Côte d’Ivoire in tense stand-off as rivals hold positions

Fighters loyal to Côte d’Ivoire presidential rivals Laurent Gbagbo and Alassane Ouattara held their respective positions across Abidjan on Sunday, a day that saw less fighting than the previous three.

Following three days of pitched battles, Reuters correspondents and witnesses said the main city in the world’s top cocoa-growing nation was quieter but tense, with sporadic gunfire and explosions heard in some neighbourhoods.

Forces loyal to Ouattara, who United Nations-certified results show won a November 28 presidential election, are battling to forcefully remove Gbagbo, who refuses to step down.

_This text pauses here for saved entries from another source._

(* Let $n\ge1$ and let $U\in\mathcal{C}_2^{(n)}$ be a Clifford unitary such that for some integer $t\ge 0$, $U^{2^t}$ is a scalar multiple of an element of $\mathcal{P}_n$. Then the projective Pauli periodicity $m$ of $U$ satisfies $$m\le\lceil\log_2(2n)\rceil.$$ Moreover, this bound is tight: for every $n>1$ there exists a Clifford unitary $U\in\mathcal{C}_2^{(n)}$ whose projective Pauli periodicity is exactly $\lceil\log_2(2n)\rceil$; multiplying it by a suitable global phase, one may moreover take $U^{2^{\lceil\log_2(2n)\rceil}}\in\mathcal{P}_n$, so that its Pauli periodicity is also exactly $\lceil\log_2(2n)\rceil$.
   Context: The $n$-qubit Pauli group is $\mathcal{P}_n=\{\omega P_1\otimes\cdots\otimes P_n:\ \omega\in\{\pm1,\pm \mathrm{i}\},\ P_j\in\{I,X,Y,Z\}\}$. The Clifford group is $\mathcal{C}_2^{(n)}=\{U\in U(2^n):\ UPU^\dagger\in\mathcal{P}_n\ \forall P\in\mathcal{P}_n\}$. The Pauli periodicity of $U$ is $\min\{t\ge 0:\ U^{2^t}\in\mathcal{P}_n\}$ (exact membership). The projective Pauli periodicity of $U$ is $\min\{t\ge0:\ U^{2^t}=cP\text{ for some }c\in\mathbb{C},|c|=1,P\in\mathcal{P}_n\}$. *)

theory Defs
  imports Complex_Main "Jordan_Normal_Form.Matrix"
begin

text \<open>Single-qubit Pauli matrices, indexed 0 = I, 1 = X, 2 = Y, 3 = Z.\<close>
definition pauli1 :: "nat \<Rightarrow> complex mat" where
  "pauli1 a = (if a = 0 then mat_of_rows_list 2 [[1, 0], [0, 1]]
               else if a = 1 then mat_of_rows_list 2 [[0, 1], [1, 0]]
               else if a = 2 then mat_of_rows_list 2 [[0, -\<i>], [\<i>, 0]]
               else mat_of_rows_list 2 [[1, 0], [0, -1]])"

text \<open>The n-fold tensor product P_{p 0} (x) ... (x) P_{p (n-1)}, a 2^n x 2^n matrix;
  the basis index i corresponds to the bit string (i div 2^k mod 2)_{k<n}.\<close>
definition pauli_string :: "nat \<Rightarrow> (nat \<Rightarrow> nat) \<Rightarrow> complex mat" where
  "pauli_string n p = mat (2^n) (2^n)
     (\<lambda>(i, j). \<Prod>k<n. pauli1 (p k) $$ (i div 2^k mod 2, j div 2^k mod 2))"

definition pauli_group :: "nat \<Rightarrow> complex mat set" where
  "pauli_group n = {\<omega> \<cdot>\<^sub>m pauli_string n p | \<omega> p.
       \<omega> \<in> {1, -1, \<i>, -\<i>} \<and> (\<forall>k<n. p k < 4)}"

definition adjoint_mat :: "complex mat \<Rightarrow> complex mat" where
  "adjoint_mat A = mat (dim_col A) (dim_row A) (\<lambda>(i, j). cnj (A $$ (j, i)))"

definition unitary_mat :: "nat \<Rightarrow> complex mat \<Rightarrow> bool" where
  "unitary_mat d U \<longleftrightarrow> U \<in> carrier_mat d d \<and> U * adjoint_mat U = 1\<^sub>m d"

definition clifford_group :: "nat \<Rightarrow> complex mat set" where
  "clifford_group n = {U. unitary_mat (2^n) U \<and>
       (\<forall>P \<in> pauli_group n. U * P * adjoint_mat U \<in> pauli_group n)}"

The months of post-election turmoil has killed more than 1 000 and rekindled the country’s 2002/03 civil war.

“There has been no fighting here. We are awaiting the resumption of hostilities at any time and we are prepared to defend ourselves and maintain control of Abidjan by all means,” a pro-Gbagbo officer at the presidential palace told Reuters.

“Taking Abidjan will be tough, no one should think that we will easily abandon our positions. We are determined,” he said.

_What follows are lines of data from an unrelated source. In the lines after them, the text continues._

lemma nn_integral_affine_score_square:
  assumes pos: "\<And>x. g x > 0" and prob: "(\<integral>t. g t \<partial>lborel) = 1"
  shows "(\<integral>\<^sup>+t. ennreal ((c + b * (deriv g t / g t))\<^sup>2 * g t) \<partial>lborel)
       = ennreal (c\<^sup>2 + b\<^sup>2 * (\<integral>t. (deriv g t)\<^sup>2 / g t \<partial>lborel))"
proof -
  have expand: "(c + b * (deriv g t / g t))\<^sup>2 * g t
      = c\<^sup>2 * g t + (2 * c * b) * deriv g t + b\<^sup>2 * ((deriv g t)\<^sup>2 / g t)" for t
    using pos[of t] by (simp add: field_simps power2_eq_square)
  have i1: "integrable lborel (\<lambda>t. c\<^sup>2 * g t)" using integrable by simp
  have i2: "integrable lborel (\<lambda>t. (2 * c * b) * deriv g t)" using integrable_deriv by simp
  have i3: "integrable lborel (\<lambda>t. b\<^sup>2 * ((deriv g t)\<^sup>2 / g t))"
    using integrable_fisher by (rule integrable_mult_right)
  have "integrable lborel (\<lambda>t. (c + b * (deriv g t / g t))\<^sup>2 * g t)"
    unfolding expand by (intro Bochner_Integration.integrable_add i1 i2 i3)
  then have "(\<integral>\<^sup>+t. ennreal ((c + b * (deriv g t / g t))\<^sup>2 * g t) \<partial>lborel)
     = ennreal (\<integral>t. (c + b * (deriv g t / g t))\<^sup>2 * g t \<partial>lborel)"
    using pos by (intro nn_integral_eq_integral AE_I2) (simp_all add: less_imp_le)
  also have "(\<integral>t. (c + b * (deriv g t / g t))\<^sup>2 * g t \<partial>lborel)
     = c\<^sup>2 + b\<^sup>2 * (\<integral>t. (deriv g t)\<^sup>2 / g t \<partial>lborel)"
    unfolding expand
    by (simp only: Bochner_Integration.integral_add[OF Bochner_Integration.integrable_add[OF i1 i2] i3]
        Bochner_Integration.integral_add[OF i1 i2] integral_mult_right_zero integral_deriv_eq_0 prob)
  finally show ?thesis .
qed

end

A Western diplomat said an attack had been planned on Saturday on the presidential residence, but it did not happen, possibly because of the human shield of Gbagbo’s youth group.

The diplomat said explosions came from near the state TV channel RTI, which Gbagbo forces said they took back on Friday.

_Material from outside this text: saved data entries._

(* For every collectible reward decomposition MDP with $n$ rewards and every discount factor $\gamma\in(0,1)$, the value $\text{NN}$ of the Nearest Neighbor policy satisfies $\frac{\text{NN}}{\text{OPT}}\ge\frac{1}{n}$.
   Context: A collectible reward decomposition MDP is an MDP with deterministic dynamics, an initial state $s_0$, discount $\gamma$, and $n$ reward states $s_1,\dots,s_n$; visiting $s_i$ for the first time yields reward $1$ and each reward can be collected only once. Let $d_{i,j}$ be the length of the shortest path between $s_i$ and $s_j$ (with $s_0$ the start). The value of a policy is the (expected) discounted return $\sum_k \gamma^{T_k}$, where $T_k$ is the time at which the $k$-th reward is collected. $\text{OPT}=\max_{(i_1,\dots,i_n)\in\mathrm{perm}\{1,\dots,n\}}\sum_{j=0}^{n-1}\gamma^{\sum_{t=0}^{j}d_{i_t,i_{t+1}}}$ with $i_0=s_0$, the optimal value. The Nearest Neighbor (NN) policy repeatedly moves along a shortest path to the closest (in distance $d$) not yet collected reward from its current location. *)

theory Defs
  imports "HOL-Analysis.Analysis" "HOL-Combinatorics.Permutations"
begin

definition is_traj :: "('s \<Rightarrow> 'a \<Rightarrow> 's) \<Rightarrow> (nat \<Rightarrow> 's) \<Rightarrow> bool" where
  "is_traj step \<tau> \<longleftrightarrow> (\<forall>t. \<exists>a. \<tau> (Suc t) = step (\<tau> t) a)"

definition reach_in :: "('s \<Rightarrow> 'a \<Rightarrow> 's) \<Rightarrow> 's \<Rightarrow> nat \<Rightarrow> 's \<Rightarrow> bool" where
  "reach_in step x k y \<longleftrightarrow> (\<exists>\<tau>. is_traj step \<tau> \<and> \<tau> 0 = x \<and> \<tau> k = y)"

definition reachable :: "('s \<Rightarrow> 'a \<Rightarrow> 's) \<Rightarrow> 's \<Rightarrow> 's \<Rightarrow> bool" where
  "reachable step x y \<longleftrightarrow> (\<exists>k. reach_in step x k y)"

text \<open>Shortest-path distance (meaningful when y is reachable from x).\<close>
definition dist_sp :: "('s \<Rightarrow> 'a \<Rightarrow> 's) \<Rightarrow> 's \<Rightarrow> 's \<Rightarrow> nat" where
  "dist_sp step x y = (LEAST k. reach_in step x k y)"

definition uncollected :: "(nat \<Rightarrow> 's) \<Rightarrow> nat \<Rightarrow> (nat \<Rightarrow> 's) \<Rightarrow> nat \<Rightarrow> nat set" where
  "uncollected r n \<tau> t = {i \<in> {1..n}. \<forall>u\<le>t. \<tau> u \<noteq> r i}"

definition collect_time :: "(nat \<Rightarrow> 's) \<Rightarrow> 's \<Rightarrow> nat" where
  "collect_time \<tau> x = (LEAST t. \<tau> t = x)"

text \<open>Discounted return of a trajectory (all rewards get collected by the policies considered).\<close>
definition traj_value :: "real \<Rightarrow> (nat \<Rightarrow> 's) \<Rightarrow> nat \<Rightarrow> (nat \<Rightarrow> 's) \<Rightarrow> real" where
  "traj_value \<gamma> r n \<tau> = (\<Sum>i\<in>{1..n}. \<gamma> ^ collect_time \<tau> (r i))"

text \<open>A trajectory generated by the Nearest Neighbour policy (with arbitrary tie breaking):
  there are decision times ts 0 = 0, ts 1, ...; at each decision time, while some reward is
  uncollected, the agent picks an uncollected reward at minimal shortest-path distance from
  its current location and follows a shortest path to it, arriving at the next decision time.
  Rewards lying on the way are collected when visited.\<close>
definition is_NN_traj :: "('s \<Rightarrow> 'a \<Rightarrow> 's) \<Rightarrow> 's \<Rightarrow> (nat \<Rightarrow> 's) \<Rightarrow> nat \<Rightarrow> (nat \<Rightarrow> 's) \<Rightarrow> bool" where
  "is_NN_traj step s0 r n \<tau> \<longleftrightarrow> is_traj step \<tau> \<and> \<tau> 0 = s0 \<and>
     (\<exists>ts :: nat \<Rightarrow> nat. ts 0 = 0 \<and>
        (\<forall>j. uncollected r n \<tau> (ts j) \<noteq> {} \<longrightarrow>
           (\<exists>i \<in> uncollected r n \<tau> (ts j).
              (\<forall>i' \<in> uncollected r n \<tau> (ts j).
                  dist_sp step (\<tau> (ts j)) (r i) \<le> dist_sp step (\<tau> (ts j)) (r i')) \<and>
              ts (Suc j) = ts j + dist_sp step (\<tau> (ts j)) (r i) \<and>
              \<tau> (ts (Suc j)) = r i)))"

definition tour_pos :: "'s \<Rightarrow> (nat \<Rightarrow> 's) \<Rightarrow> (nat \<Rightarrow> nat) \<Rightarrow> nat \<Rightarrow> 's" where
  "tour_pos s0 r \<sigma> k = (if k = 0 then s0 else r (\<sigma> k))"

definition tour_value :: "('s \<Rightarrow> 'a \<Rightarrow> 's) \<Rightarrow> real \<Rightarrow> 's \<Rightarrow> (nat \<Rightarrow> 's) \<Rightarrow> nat \<Rightarrow> (nat \<Rightarrow> nat) \<Rightarrow> real" where
  "tour_value step \<gamma> s0 r n \<sigma> =
     (\<Sum>j<n. \<gamma> ^ (\<Sum>t\<le>j. dist_sp step (tour_pos s0 r \<sigma> t) (tour_pos s0 r \<sigma> (Suc t))))"

definition OPT :: "('s \<Rightarrow> 'a \<Rightarrow> 's) \<Rightarrow> real \<Rightarrow> 's \<Rightarrow> (nat \<Rightarrow> 's) \<Rightarrow> nat \<Rightarrow> real" where
  "OPT step \<gamma> s0 r n = Max (tour_value step \<gamma> s0 r n ` {\<sigma>. \<sigma> permutes {1..n}})"

end

theory Submission
  imports Defs
begin

text \<open>Some reward is collected by the Nearest Neighbour trajectory no later than the distance
  d from s0 to the closest reward: its first leg has length exactly d. Every tour also starts
  with a leg of length at least d, so each of its n summands, and hence OPT / n, is at most
  \<gamma>^d, which in turn is one of the summands of the Nearest Neighbour value.\<close>

lemma tour_value_le_mult_power:
  fixes \<gamma> :: real
  assumes "\<sigma> permutes {1..n}" "0 \<le> \<gamma>" "\<gamma> \<le> 1"
    and "\<forall>i\<in>{1..n}. c \<le> dist_sp step s0 (r i)"
  shows "tour_value step \<gamma> s0 r n \<sigma> \<le> real n * \<gamma> ^ c"
proof -
  have "\<gamma> ^ (\<Sum>t\<le>j. dist_sp step (tour_pos s0 r \<sigma> t) (tour_pos s0 r \<sigma> (Suc t))) \<le> \<gamma> ^ c"
    if "j < n" for j
  proof -
    have "\<sigma> 1 \<in> {1..n}"
      using that permutes_in_image[OF assms(1), of 1] by simp
    then have "c \<le> dist_sp step (tour_pos s0 r \<sigma> 0) (tour_pos s0 r \<sigma> (Suc 0))"
      using assms(4) by (simp add: tour_pos_def)
    also have "\<dots> \<le> (\<Sum>t\<le>j. dist_sp step (tour_pos s0 r \<sigma> t) (tour_pos s0 r \<sigma> (Suc t)))"
      by (rule member_le_sum) auto
    finally show ?thesis
      using assms(2,3) by (rule power_decreasing)
  qed
  then have "tour_value step \<gamma> s0 r n \<sigma> \<le> (\<Sum>j<n. \<gamma> ^ c)"
    unfolding tour_value_def by (intro sum_mono) auto
  then show ?thesis by simp
qed

lemma tour_value_pos:
  fixes \<gamma> :: real
  assumes "0 < \<gamma>" "n \<ge> 1"
  shows "0 < tour_value step \<gamma> s0 r n \<sigma>"
  unfolding tour_value_def using assms
  by (intro sum_pos) (auto simp: lessThan_empty_iff)

lemma finite_tour_values: "finite (tour_value step \<gamma> s0 r n ` {\<sigma>. \<sigma> permutes {1..n}})"
  by (simp add: finite_permutations)

lemma OPT_pos:
  fixes \<gamma> :: real
  assumes "0 < \<gamma>" "n \<ge> 1"
  shows "0 < OPT step \<gamma> s0 r n"
proof -
  have "tour_value step \<gamma> s0 r n id \<le> OPT step \<gamma> s0 r n"
    unfolding OPT_def using finite_tour_values permutes_id by (intro Max_ge) auto
  with tour_value_pos[OF assms] show ?thesis by (rule less_le_trans)
qed

lemma OPT_le_mult_power:
  fixes \<gamma> :: real
  assumes "0 \<le> \<gamma>" "\<gamma> \<le> 1"
    and "\<forall>i\<in>{1..n}. c \<le> dist_sp step s0 (r i)"
  shows "OPT step \<gamma> s0 r n \<le> real n * \<gamma> ^ c"
  unfolding OPT_def using finite_tour_values tour_value_le_mult_power[OF _ assms]
  by (subst Max_le_iff) (auto intro: permutes_id)

lemma NN_traj_collects_nearest_reward_early:
  assumes "is_NN_traj step s0 r n \<tau>" "n \<ge> 1"
  obtains i where "i \<in> {1..n}" "\<forall>i'\<in>{1..n}. collect_time \<tau> (r i) \<le> dist_sp step s0 (r i')"
proof (cases "\<exists>i\<in>{1..n}. r i = s0")
  case True
  then obtain i where i: "i \<in> {1..n}" "r i = s0" by blast
  have "collect_time \<tau> (r i) = 0"
    using assms(1) i(2) unfolding collect_time_def is_NN_traj_def by simp
  with i(1) that show ?thesis by simp
next
  case False
  from assms(1) obtain ts where t0: "\<tau> 0 = s0" and ts0: "ts 0 = 0" and
    first_leg: "uncollected r n \<tau> (ts 0) \<noteq> {} \<Longrightarrow>
      \<exists>i \<in> uncollected r n \<tau> (ts 0).
        (\<forall>i' \<in> uncollected r n \<tau> (ts 0).
           dist_sp step (\<tau> (ts 0)) (r i) \<le> dist_sp step (\<tau> (ts 0)) (r i')) \<and>
        ts (Suc 0) = ts 0 + dist_sp step (\<tau> (ts 0)) (r i) \<and> \<tau> (ts (Suc 0)) = r i"
    unfolding is_NN_traj_def by blast
  have U0: "uncollected r n \<tau> (ts 0) = {1..n}"
    using False t0 ts0 unfolding uncollected_def by auto
  with first_leg assms(2) t0 ts0 obtain i where i: "i \<in> {1..n}"
    "\<forall>i'\<in>{1..n}. dist_sp step s0 (r i) \<le> dist_sp step s0 (r i')"
    "\<tau> (dist_sp step s0 (r i)) = r i"
    by auto
  have "collect_time \<tau> (r i) \<le> dist_sp step s0 (r i)"
    unfolding collect_time_def using i(3) by (rule Least_le)
  with i(1,2) that show ?thesis by (meson le_trans)
qed

lemma power_collect_time_le_traj_value:
  fixes \<gamma> :: real
  assumes "i \<in> {1..n}" "0 \<le> \<gamma>"
  shows "\<gamma> ^ collect_time \<tau> (r i) \<le> traj_value \<gamma> r n \<tau>"
  unfolding traj_value_def using assms by (intro member_le_sum) auto

theorem theorem1:
  fixes step :: "'s \<Rightarrow> 'a \<Rightarrow> 's" and s0 :: 's and r :: "nat \<Rightarrow> 's"
    and n :: nat and \<gamma> :: real and \<tau> :: "nat \<Rightarrow> 's"
  assumes "n \<ge> 1"
    and "inj_on r {1..n}"
    and "\<forall>i\<in>{1..n}. reachable step s0 (r i)"
    and "\<forall>i\<in>{1..n}. \<forall>j\<in>{1..n}. reachable step (r i) (r j)"
    and "0 < \<gamma>" and "\<gamma> < 1"
    and "is_NN_traj step s0 r n \<tau>"
  shows "traj_value \<gamma> r n \<tau> / OPT step \<gamma> s0 r n \<ge> 1 / real n"
proof -
  obtain i where i: "i \<in> {1..n}"
    and early: "\<forall>i'\<in>{1..n}. collect_time \<tau> (r i) \<le> dist_sp step s0 (r i')"
    using NN_traj_collects_nearest_reward_early[OF assms(7,1)] .
  have "OPT step \<gamma> s0 r n \<le> real n * \<gamma> ^ collect_time \<tau> (r i)"
    using assms(5,6) early by (intro OPT_le_mult_power) auto
  also have "\<dots> \<le> real n * traj_value \<gamma> r n \<tau>"
    using i assms(5) by (intro mult_left_mono power_collect_time_le_traj_value) auto
  finally have "OPT step \<gamma> s0 r n \<le> real n * traj_value \<gamma> r n \<tau>" .
  then show ?thesis
    using OPT_pos[OF assms(5,1), of step s0 r] assms(1) by (simp add: divide_simps mult.commute)
qed

end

The television has been broadcasting virulent anti-UN, anti-US and anti-French messages and calls to Gbagbo supporters to join the fight, but the French-based Reporters without Borders said RTI could be broadcasting from a villa or mobile truck in Abidjan because its broadcasting centre is severely damaged.

Interior Minister Emile Guirielou and the leader of Gbagbo’s violent youth wing Charles Ble Goude called on the youth to take to the streets to help fight the rebels, and the “mercenaries” from the United Nations and France helping them.

“With the complicity of the United Nations and Licorne [the French force], the rebels sow terror in our country. Our army will fight the rebels and their mercenaries,” Goude said. “Patriots, together we will finally liberate our country.”

There has been no sign of Gbagbo. State TV has said he is in his residence, but has produced no speech by him.

Meanwhile the United Nations mission in Côte d’Ivoire (UNOCI) said it had relocated 200 staff to the north of the country after they came under attack.

After swiftly taking control of the interior, pro-Ouattara forces have met fierce resistance over the past three days in Abidjan where Gbagbo’s troops hold on to positions around the presidential palace, Gbagbo’s residence, and state television.

Initially suffering heavy defeats and defections among the top ranks in his army, Gbagbo counts about 3 000 republican guards, some loyal soldiers and his youth wing, the Young Patriots, who have responded to calls to form a human chain around the presidential palace and Gbagbo’s residence.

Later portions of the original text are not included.